(Brief): Each line that has the string "where" must be copied from the records below.

Collected data:

lemma nn_integral_coupling_cost_le:
  assumes "p \<ge> 1" and diam: "\<And>i x y. i \<in> I \<Longrightarrow> x \<in> A i \<Longrightarrow> y \<in> A i \<Longrightarrow> norm (x - y) \<le> \<eta>"
  shows "(\<integral>\<^sup>+ z. ennreal (norm (fst z - snd z) powr p) \<partial>coupling)
    \<le> ennreal (\<eta> powr p) + ennreal (2 powr (p - 1))
      * ((\<integral>\<^sup>+ x. ennreal (residual excess_P x * norm x powr p) \<partial>P)
        + (\<integral>\<^sup>+ y. ennreal (residual excess_Q y * norm y powr p) \<partial>Q))"
proof -
  let ?rP = "residual excess_P" and ?rQ = "residual excess_Q"
  define JP where "JP = (\<integral>\<^sup>+ x. ennreal (?rP x * norm x powr p) \<partial>P)"
  define JQ where "JQ = (\<integral>\<^sup>+ y. ennreal (?rQ y * norm y powr p) \<partial>Q)"
  define c where "c = 2 powr (p - 1) / deficit"
  have c: "c \<ge> 0" using deficit_nonneg by (simp add: c_def)
  note pointwise = ennreal_kernel_cost_le[OF assms, folded c_def]
  have cell_term: "(\<integral>\<^sup>+ z. ennreal (weight i * \<eta> powr p * indicator (A i) (fst z))
      * ennreal (indicator (A i) (snd z)) \<partial>(P \<Otimes>\<^sub>M Q))
      = ennreal (\<eta> powr p * (weight i * mass_P i * mass_Q i))" for i
    using nn_integral_cell_product[of "weight i * \<eta> powr p" UNIV UNIV i] coefficients_nonneg[of i]
    by (simp add: mass_P_def mass_Q_def ac_simps)
  have pair_P: "(\<integral>\<^sup>+ z. ennreal (?rP (fst z) * norm (fst z) powr p) * ennreal (?rQ (snd z))
      \<partial>(P \<Otimes>\<^sub>M Q)) = JP * ennreal deficit"
    by (subst nn_integral_pair_measure_mult[OF sigma_finite_Q])
       (simp_all add: JP_def nn_integral_residual_excess)
  have pair_Q: "(\<integral>\<^sup>+ z. ennreal (?rP (fst z)) * ennreal (?rQ (snd z) * norm (snd z) powr p)
      \<partial>(P \<Otimes>\<^sub>M Q)) = ennreal deficit * JQ"
    by (subst nn_integral_pair_measure_mult[OF sigma_finite_Q])
       (simp_all add: JQ_def nn_integral_residual_excess)
  have shared_sum: "(\<Sum>i\<in>I. \<eta> powr p * (weight i * mass_P i * mass_Q i)) \<le> \<eta> powr p"
    using sum_weight_mass_le_1 coefficients_nonneg
    by (simp add: sum_distrib_left[symmetric] mult_left_le sum_nonneg)
  have "(\<integral>\<^sup>+ z. ennreal (norm (fst z - snd z) powr p) \<partial>coupling)
      = (\<integral>\<^sup>+ z. ennreal (kernel (fst z) (snd z)) * ennreal (norm (fst z - snd z) powr p)
          \<partial>(P \<Otimes>\<^sub>M Q))"
    unfolding coupling_def by (rule nn_integral_density) auto
  also have "\<dots> \<le> (\<integral>\<^sup>+ z. (\<Sum>i\<in>I. ennreal (weight i * \<eta> powr p * indicator (A i) (fst z))
        * ennreal (indicator (A i) (snd z)))
      + ennreal c * (ennreal (?rP (fst z) * norm (fst z) powr p) * ennreal (?rQ (snd z))
        + ennreal (?rP (fst z)) * ennreal (?rQ (snd z) * norm (snd z) powr p)) \<partial>(P \<Otimes>\<^sub>M Q))"
    by (intro nn_integral_mono pointwise)
  also have "\<dots> = (\<Sum>i\<in>I. ennreal (\<eta> powr p * (weight i * mass_P i * mass_Q i)))
      + ennreal c * (JP * ennreal deficit + ennreal deficit * JQ)"
    by (subst nn_integral_add, simp, simp, subst nn_integral_sum, simp, subst nn_integral_cmult,
        simp, subst nn_integral_add)
       (simp_all add: cell_term pair_P pair_Q)
  also have "\<dots> \<le> ennreal (\<eta> powr p) + ennreal (2 powr (p - 1)) * (JP + JQ)"
  proof (rule add_mono)
    show "(\<Sum>i\<in>I. ennreal (\<eta> powr p * (weight i * mass_P i * mass_Q i))) \<le> ennreal (\<eta> powr p)"
      using shared_sum coefficients_nonneg by (simp add: ennreal_leI)
    have "ennreal c * (JP * ennreal deficit + ennreal deficit * JQ) = ennreal (c * deficit) * (JP + JQ)"
      using c deficit_nonneg by (simp add: ennreal_mult algebra_simps)
    also have "\<dots> \<le> ennreal (2 powr (p - 1)) * (JP + JQ)"
      using deficit_nonneg by (intro mult_right_mono ennreal_leI) (auto simp: c_def)
    finally show "ennreal c * (JP * ennreal deficit + ennreal deficit * JQ)
        \<le> ennreal (2 powr (p - 1)) * (JP + JQ)" .
  qed
  finally show ?thesis unfolding JP_def JQ_def .
qed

(Answer box):
  define JP where "JP = (\<integral>\<^sup>+ x. ennreal (?rP x * norm x powr p) \<partial>P)"
  define JQ where "JQ = (\<integral>\<^sup>+ y. ennreal (?rQ y * norm y powr p) \<partial>Q)"
  define c where "c = 2 powr (p - 1) / deficit"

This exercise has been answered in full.